Subtitle: A History of Colonial Settlement, Ethnicity and Nature Conservation
Author: Ute Dieckmann
Publisher: Basler Afrika Bibliographien
Basel, 2007
Soft cover, 17x24 cm, 398 pages, many bw-illustrations, maps and tables


On the book:

The Etosha Region in Namibia, comprising the famous Etosha National Park and its adjacent communal and commercial farm lands, has been a contested region since the advent of colonial settlement.

The centenary of the Etosha Park in 2007 provides an opportune moment for critical reflection on its history, a much-needed appraisal achieved by this book through its multiple perspectives.

At the centre of this book are the Hai||om San and their long history of dispossession and discrimination. Ute Dieckmann analyses with care the historical transformations.

These were linked not only to the creation of one of the largest nature conservation areas in Africa but also to the establishment of a settler state and society.

The manifold ways in which the Hai||om strive today to improve their living conditions are central to her insightful study.


Review:

Robert Gordon, University of Vermont

Ute Dieckmann meticulously documents how foragers were dispossessed of their land which was then converted into settler farms or a Game Reserve to which they could return as an impoverished rural lumpen-proletariat. …

To a large degree they are victims not of exploitation, but of super-exploitation in that the means for their social reproduction is being whittled away. Dieckmann documents this process painstakingly.


About the author:

Ute Dieckmann has been working with the multidisciplinary research centre ACACIA at the Institute for Social Anthropology at the University of Cologne since 1998.

She is currently conducting research on the history of settlement in the Outjo-District in Namibia, paying special attention to the changing vulnerability patterns and risk-management of commercial farmers.


Preface:

A good deal of luck as well as many hazards and incalculable events are always involved in the kind of research undertaken by anthropologists. Initially I started my fieldwork in September 1998. At that time, the topic of my research was subsumed under the title "Land rights and Identity of the Hai||om" in northern central Namibia.

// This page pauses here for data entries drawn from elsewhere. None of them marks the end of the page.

(* Let $\{P_t\}_{t\geq 0}$ be a Markov--Feller semigroup on a Polish space $\mathcal{X}$. If $\{P_t\}_{t\geq 0}$ is asymptotically stable, then it is eventually continuous at every point of $\mathcal{X}$. Similarly, if $\{P_t\}_{t\geq 0}$ is weakly-* mean ergodic, then it is Ces\`aro eventually continuous at every point of $\mathcal{X}$.
   Context: $(\mathcal{X},\rho)$ is a Polish space, $\mathcal{P}(\mathcal{X})$ the Borel probability measures. A Markov--Feller semigroup $\{P_t\}_{t\ge0}$ is a semigroup of mass-preserving positively linear operators on finite Borel measures, each with a dual linear operator on bounded Borel functions ($\langle f,P_t\mu\rangle=\langle P_tf,\mu\rangle$) preserving bounded continuous functions. For $t>0$: $Q_tf=\frac1t\int_0^tP_sf\,ds$, $Q_t\mu=\frac1t\int_0^tP_s\mu\,ds$. Asymptotically stable: unique invariant probability $\mu_*$ with $P_t\mu\to\mu_*$ weakly for all $\mu\in\mathcal{P}(\mathcal{X})$. Weakly-* mean ergodic: unique invariant probability $\mu_*$ with $Q_t\mu\to\mu_*$ weakly for all $\mu\in\mathcal{P}(\mathcal{X})$. Eventually continuous at $z$: for every bounded Lipschitz $f$, $\limsup_{x\to z}\limsup_{t\to\infty}|P_tf(x)-P_tf(z)|=0$; Ces\`aro eventually continuous: the same with $Q_t$ in place of $P_t$. *)

theory Defs
  imports "HOL-Probability.Probability"
begin

definition finite_borel_measure :: "'a::topological_space measure \<Rightarrow> bool" where
  "finite_borel_measure \<mu> \<longleftrightarrow> sets \<mu> = sets borel \<and> finite_measure \<mu>"

definition prob_borel_measure :: "'a::topological_space measure \<Rightarrow> bool" where
  "prob_borel_measure \<mu> \<longleftrightarrow> sets \<mu> = sets borel \<and> prob_space \<mu>"

definition bdd_borel_fun :: "('a::topological_space \<Rightarrow> real) \<Rightarrow> bool" where
  "bdd_borel_fun f \<longleftrightarrow> f \<in> borel_measurable borel \<and> bounded (range f)"

definition bdd_cont_fun :: "('a::topological_space \<Rightarrow> real) \<Rightarrow> bool" where
  "bdd_cont_fun f \<longleftrightarrow> continuous_on UNIV f \<and> bounded (range f)"

definition bdd_lipschitz_fun :: "('a::metric_space \<Rightarrow> real) \<Rightarrow> bool" where
  "bdd_lipschitz_fun f \<longleftrightarrow> bounded (range f) \<and> (\<exists>L. L-lipschitz_on UNIV f)"

definition meas_comb :: "real \<Rightarrow> 'a::topological_space measure \<Rightarrow> real \<Rightarrow> 'a measure \<Rightarrow> 'a measure" where
  "meas_comb a \<mu> b \<nu> = measure_of (space borel) (sets borel)
     (\<lambda>A. ennreal a * emeasure \<mu> A + ennreal b * emeasure \<nu> A)"

text \<open>Pm t is the action of P_t on finite Borel measures, Pf t its dual action on
  bounded Borel functions.\<close>
definition markov_feller_semigroup ::
  "(real \<Rightarrow> 'a::topological_space measure \<Rightarrow> 'a measure) \<Rightarrow>
   (real \<Rightarrow> ('a \<Rightarrow> real) \<Rightarrow> ('a \<Rightarrow> real)) \<Rightarrow> bool" where
  "markov_feller_semigroup Pm Pf \<longleftrightarrow>
     \<comment> \<open>maps finite Borel measures to finite Borel measures, preserving mass\<close>
     (\<forall>t\<ge>0. \<forall>\<mu>. finite_borel_measure \<mu> \<longrightarrow>
        finite_borel_measure (Pm t \<mu>) \<and> emeasure (Pm t \<mu>) (space (Pm t \<mu>)) = emeasure \<mu> (space \<mu>))
   \<comment> \<open>positive linearity\<close>
   \<and> (\<forall>t\<ge>0. \<forall>\<mu> \<nu> a b. finite_borel_measure \<mu> \<and> finite_borel_measure \<nu> \<and> a \<ge> 0 \<and> b \<ge> 0 \<longrightarrow>
        Pm t (meas_comb a \<mu> b \<nu>) = meas_comb a (Pm t \<mu>) b (Pm t \<nu>))
   \<comment> \<open>semigroup property\<close>
   \<and> (\<forall>\<mu>. finite_borel_measure \<mu> \<longrightarrow> Pm 0 \<mu> = \<mu>)
   \<and> (\<forall>s\<ge>0. \<forall>t\<ge>0. \<forall>\<mu>. finite_borel_measure \<mu> \<longrightarrow> Pm (s + t) \<mu> = Pm t (Pm s \<mu>))
   \<comment> \<open>the dual operator is a linear operator on bounded Borel functions\<close>
   \<and> (\<forall>t\<ge>0. \<forall>f. bdd_borel_fun f \<longrightarrow> bdd_borel_fun (Pf t f))
   \<and> (\<forall>t\<ge>0. \<forall>f g a b. bdd_borel_fun f \<and> bdd_borel_fun g \<longrightarrow>
        Pf t (\<lambda>x. a * f x + b * g x) = (\<lambda>x. a * Pf t f x + b * Pf t g x))
   \<comment> \<open>duality\<close>
   \<and> (\<forall>t\<ge>0. \<forall>f \<mu>. bdd_borel_fun f \<and> finite_borel_measure \<mu> \<longrightarrow>
        (\<integral>x. f x \<partial>(Pm t \<mu>)) = (\<integral>x. Pf t f x \<partial>\<mu>))
   \<comment> \<open>Feller property\<close>
   \<and> (\<forall>t\<ge>0. \<forall>f. bdd_cont_fun f \<longrightarrow> bdd_cont_fun (Pf t f))"

definition Qf :: "(real \<Rightarrow> ('a \<Rightarrow> real) \<Rightarrow> ('a \<Rightarrow> real)) \<Rightarrow> real \<Rightarrow> ('a \<Rightarrow> real) \<Rightarrow> 'a \<Rightarrow> real" where
  "Qf Pf t f x = (1 / t) * (LINT s:{0..t}|lborel. Pf s f x)"

definition invariant_prob ::
  "(real \<Rightarrow> 'a::topological_space measure \<Rightarrow> 'a measure) \<Rightarrow> 'a measure \<Rightarrow> bool" where
  "invariant_prob Pm \<mu> \<longleftrightarrow> prob_borel_measure \<mu> \<and> (\<forall>t\<ge>0. Pm t \<mu> = \<mu>)"

definition weak_conv_top :: "(real \<Rightarrow> 'a::topological_space measure) \<Rightarrow> 'a measure \<Rightarrow> bool" where
  "weak_conv_top M N \<longleftrightarrow>
     (\<forall>f. bdd_cont_fun f \<longrightarrow> ((\<lambda>t. \<integral>x. f x \<partial>(M t)) \<longlongrightarrow> (\<integral>x. f x \<partial>N)) at_top)"

definition asymptotically_stable ::
  "(real \<Rightarrow> 'a::topological_space measure \<Rightarrow> 'a measure) \<Rightarrow> bool" where
  "asymptotically_stable Pm \<longleftrightarrow>
     (\<exists>\<mu>s. invariant_prob Pm \<mu>s \<and> (\<forall>\<nu>. invariant_prob Pm \<nu> \<longrightarrow> \<nu> = \<mu>s) \<and>
        (\<forall>\<mu>. prob_borel_measure \<mu> \<longrightarrow> weak_conv_top (\<lambda>t. Pm t \<mu>) \<mu>s))"

text \<open>Weak convergence of Q_t \<mu> = (1/t)\<integral>_0^t P_s \<mu> ds, expressed through
  the integrals \<langle>f, Q_t \<mu>\<rangle> = (1/t)\<integral>_0^t \<langle>f, P_s \<mu>\<rangle> ds against bounded continuous f.\<close>
definition weak_star_mean_ergodic ::
  "(real \<Rightarrow> 'a::topological_space measure \<Rightarrow> 'a measure) \<Rightarrow> bool" where
  "weak_star_mean_ergodic Pm \<longleftrightarrow>
     (\<exists>\<mu>s. invariant_prob Pm \<mu>s \<and> (\<forall>\<nu>. invariant_prob Pm \<nu> \<longrightarrow> \<nu> = \<mu>s) \<and>
        (\<forall>\<mu>. prob_borel_measure \<mu> \<longrightarrow>
           (\<forall>f. bdd_cont_fun f \<longrightarrow>
              ((\<lambda>t. (1 / t) * (LINT s:{0..t}|lborel. (\<integral>x. f x \<partial>(Pm s \<mu>))))
                 \<longlongrightarrow> (\<integral>x. f x \<partial>\<mu>s)) at_top)))"

definition eventually_continuous_at ::
  "(real \<Rightarrow> ('a::metric_space \<Rightarrow> real) \<Rightarrow> ('a \<Rightarrow> real)) \<Rightarrow> 'a \<Rightarrow> bool" where
  "eventually_continuous_at Pf z \<longleftrightarrow>
     (\<forall>f. bdd_lipschitz_fun f \<longrightarrow>
        Limsup (nhds z) (\<lambda>x. Limsup at_top (\<lambda>t. ereal \<bar>Pf t f x - Pf t f z\<bar>)) = 0)"

definition cesaro_eventually_continuous_at ::
  "(real \<Rightarrow> ('a::metric_space \<Rightarrow> real) \<Rightarrow> ('a \<Rightarrow> real)) \<Rightarrow> 'a \<Rightarrow> bool" where
  "cesaro_eventually_continuous_at Pf z \<longleftrightarrow>
     (\<forall>f. bdd_lipschitz_fun f \<longrightarrow>
        Limsup (nhds z) (\<lambda>x. Limsup at_top (\<lambda>t. ereal \<bar>Qf Pf t f x - Qf Pf t f z\<bar>)) = 0)"

end

theory Submission
  imports Defs
begin

text \<open>Testing against a Dirac measure gives P_t f(x) = \<langle>f, P_t \<delta>_x\<rangle>, and likewise
  Q_t f(x) = \<langle>f, Q_t \<delta>_x\<rangle>. Under asymptotic stability (resp. weak-* mean ergodicity)
  these converge, for every bounded continuous f, to \<langle>f, \<mu>_*\<rangle>, a limit that does not
  depend on x. Hence |P_t f(x) - P_t f(z)| (resp. |Q_t f(x) - Q_t f(z)|) tends to 0 for
  every x and z, so already the inner limsup in the definition of eventual continuity vanishes.\<close>

lemma Limsup_Limsup_abs_diff_eq_0:
  fixes g :: "'b \<Rightarrow> 'a \<Rightarrow> real"
  assumes "F \<noteq> bot" and "G \<noteq> bot" and "\<And>x. ((\<lambda>t. g t x) \<longlongrightarrow> L) G"
  shows "Limsup F (\<lambda>x. Limsup G (\<lambda>t. ereal \<bar>g t x - g t z\<bar>)) = 0"
proof -
  have "Limsup G (\<lambda>t. ereal \<bar>g t x - g t z\<bar>) = 0" for x
  proof -
    have "((\<lambda>t. \<bar>g t x - g t z\<bar>) \<longlongrightarrow> \<bar>L - L\<bar>) G"
      by (intro tendsto_intros assms)
    then have "((\<lambda>t. ereal \<bar>g t x - g t z\<bar>) \<longlongrightarrow> 0) G"
      by (simp add: zero_ereal_def tendsto_ereal)
    then show ?thesis
      by (rule lim_imp_Limsup[OF assms(2)])
  qed
  then show ?thesis
    by (simp add: Limsup_const assms(1))
qed

lemma bdd_cont_fun_imp_bdd_borel_fun: "bdd_cont_fun f \<Longrightarrow> bdd_borel_fun f"
  unfolding bdd_cont_fun_def bdd_borel_fun_def
  using borel_measurable_continuous_onI by blast

lemma bdd_lipschitz_fun_imp_bdd_cont_fun: "bdd_lipschitz_fun f \<Longrightarrow> bdd_cont_fun f"
  unfolding bdd_lipschitz_fun_def bdd_cont_fun_def
  using lipschitz_on_continuous_on by blast

lemma prob_borel_measure_return: "prob_borel_measure (return borel x)"
  unfolding prob_borel_measure_def by (simp add: prob_space_return)

lemma finite_borel_measure_return: "finite_borel_measure (return borel x)"
  using prob_borel_measure_return[of x]
  unfolding prob_borel_measure_def finite_borel_measure_def
  by (auto intro: prob_space.finite_measure)

lemma markov_feller_integral_return:
  assumes mf: "markov_feller_semigroup Pm Pf" and f: "bdd_borel_fun f" and t: "t \<ge> 0"
  shows "(\<integral>y. f y \<partial>Pm t (return borel x)) = Pf t f x"
proof -
  have "Pf t f \<in> borel_measurable borel"
    using mf f t unfolding markov_feller_semigroup_def bdd_borel_fun_def by blast
  moreover have "(\<integral>y. f y \<partial>Pm t (return borel x)) = (\<integral>y. Pf t f y \<partial>return borel x)"
    using mf f t finite_borel_measure_return[of x] unfolding markov_feller_semigroup_def by blast
  ultimately show ?thesis
    by (simp add: integral_return)
qed

lemma asymptotically_stable_tendsto_Pf:
  assumes mf: "markov_feller_semigroup Pm Pf" and "asymptotically_stable Pm"
  obtains \<mu>s where "\<And>f x. bdd_cont_fun f \<Longrightarrow> ((\<lambda>t. Pf t f x) \<longlongrightarrow> (\<integral>y. f y \<partial>\<mu>s)) at_top"
proof -
  obtain \<mu>s where conv: "\<And>\<mu>. prob_borel_measure \<mu> \<Longrightarrow> weak_conv_top (\<lambda>t. Pm t \<mu>) \<mu>s"
    using \<open>asymptotically_stable Pm\<close> unfolding asymptotically_stable_def by blast
  have "((\<lambda>t. Pf t f x) \<longlongrightarrow> (\<integral>y. f y \<partial>\<mu>s)) at_top" if f: "bdd_cont_fun f" for f x
  proof -
    have "((\<lambda>t. \<integral>y. f y \<partial>Pm t (return borel x)) \<longlongrightarrow> (\<integral>y. f y \<partial>\<mu>s)) at_top"
      using conv[OF prob_borel_measure_return] f unfolding weak_conv_top_def by blast
    moreover have "\<forall>\<^sub>F t in at_top. (\<integral>y. f y \<partial>Pm t (return borel x)) = Pf t f x"
      using eventually_ge_at_top[of "0::real"]
      by eventually_elim
        (rule markov_feller_integral_return[OF mf bdd_cont_fun_imp_bdd_borel_fun[OF f]])
    ultimately show ?thesis
      by (rule Lim_transform_eventually)
  qed
  then show ?thesis
    using that by blast
qed

lemma weak_star_mean_ergodic_tendsto_Qf:
  assumes mf: "markov_feller_semigroup Pm Pf" and "weak_star_mean_ergodic Pm"
  obtains \<mu>s where "\<And>f x. bdd_cont_fun f \<Longrightarrow> ((\<lambda>t. Qf Pf t f x) \<longlongrightarrow> (\<integral>y. f y \<partial>\<mu>s)) at_top"
proof -
  obtain \<mu>s where conv: "\<And>\<mu> f. prob_borel_measure \<mu> \<Longrightarrow> bdd_cont_fun f \<Longrightarrow>
      ((\<lambda>t. (1 / t) * (LINT s:{0..t}|lborel. (\<integral>y. f y \<partial>Pm s \<mu>))) \<longlongrightarrow> (\<integral>y. f y \<partial>\<mu>s)) at_top"
    using \<open>weak_star_mean_ergodic Pm\<close> unfolding weak_star_mean_ergodic_def by blast
  have "((\<lambda>t. Qf Pf t f x) \<longlongrightarrow> (\<integral>y. f y \<partial>\<mu>s)) at_top" if f: "bdd_cont_fun f" for f x
  proof -
    have dual: "(LINT s:{0..t}|lborel. (\<integral>y. f y \<partial>Pm s (return borel x)))
        = (LINT s:{0..t}|lborel. Pf s f x)" for t
      by (rule set_lebesgue_integral_cong)
        (simp_all add: markov_feller_integral_return[OF mf bdd_cont_fun_imp_bdd_borel_fun[OF f]])
    show ?thesis
      using conv[OF prob_borel_measure_return[of x] f] unfolding dual Qf_def .
  qed
  then show ?thesis
    using that by blast
qed

theorem proposition2p11:
  fixes Pm :: "real \<Rightarrow> 'a::polish_space measure \<Rightarrow> 'a measure"
    and Pf :: "real \<Rightarrow> ('a \<Rightarrow> real) \<Rightarrow> ('a \<Rightarrow> real)"
  assumes "markov_feller_semigroup Pm Pf"
  shows "(asymptotically_stable Pm \<longrightarrow> (\<forall>z. eventually_continuous_at Pf z))
       \<and> (weak_star_mean_ergodic Pm \<longrightarrow> (\<forall>z. cesaro_eventually_continuous_at Pf z))"
proof (intro conjI impI allI)
  fix z
  assume "asymptotically_stable Pm"
  then obtain \<mu>s where "\<And>f x. bdd_cont_fun f \<Longrightarrow> ((\<lambda>t. Pf t f x) \<longlongrightarrow> (\<integral>y. f y \<partial>\<mu>s)) at_top"
    using assms asymptotically_stable_tendsto_Pf by blast
  then show "eventually_continuous_at Pf z"
    unfolding eventually_continuous_at_def
    by (auto intro!: Limsup_Limsup_abs_diff_eq_0 bdd_lipschitz_fun_imp_bdd_cont_fun)
next
  fix z
  assume "weak_star_mean_ergodic Pm"
  then obtain \<mu>s where "\<And>f x. bdd_cont_fun f \<Longrightarrow> ((\<lambda>t. Qf Pf t f x) \<longlongrightarrow> (\<integral>y. f y \<partial>\<mu>s)) at_top"
    using assms weak_star_mean_ergodic_tendsto_Qf by blast
  then show "cesaro_eventually_continuous_at Pf z"
    unfolding cesaro_eventually_continuous_at_def
    by (auto intro!: Limsup_Limsup_abs_diff_eq_0 bdd_lipschitz_fun_imp_bdd_cont_fun)
qed

end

After three weeks of preparation in the capital Windhoek, a colleague of mine, a translator and myself arranged for a first visit to the Hai||om community in Outjo. Unfortunately for ourselves and for the people in Outjo, who had been informed of our visit beforehand, this first visit had to be postponed. After a serious car accident on the road to Outjo my study had to be put on hold for more than six months.

Therefore, my fieldwork in Namibia did not get underway until the July of 1999. The reason for mentioning this at the beginning of the book is that owing to the car accident and my protracted recovery, my approach to the research and the fieldwork changed considerably. When I was able to start working again - it had to be just 'desk-work' in the beginning - I began my research by consulting literature and historical sources in the libraries in Germany and in the National Archives of Namibia. Hence, more value and focus than initially intended became attached to historical processes.

My desperate hunt for "the Hai||om" in archival documents made a strong historical angle on the emergence of an ethnic entity necessary, which had not been anticipated to such a degree beforehand. Furthermore, the initial archival research influenced my later approach to fieldwork in northern central Namibia.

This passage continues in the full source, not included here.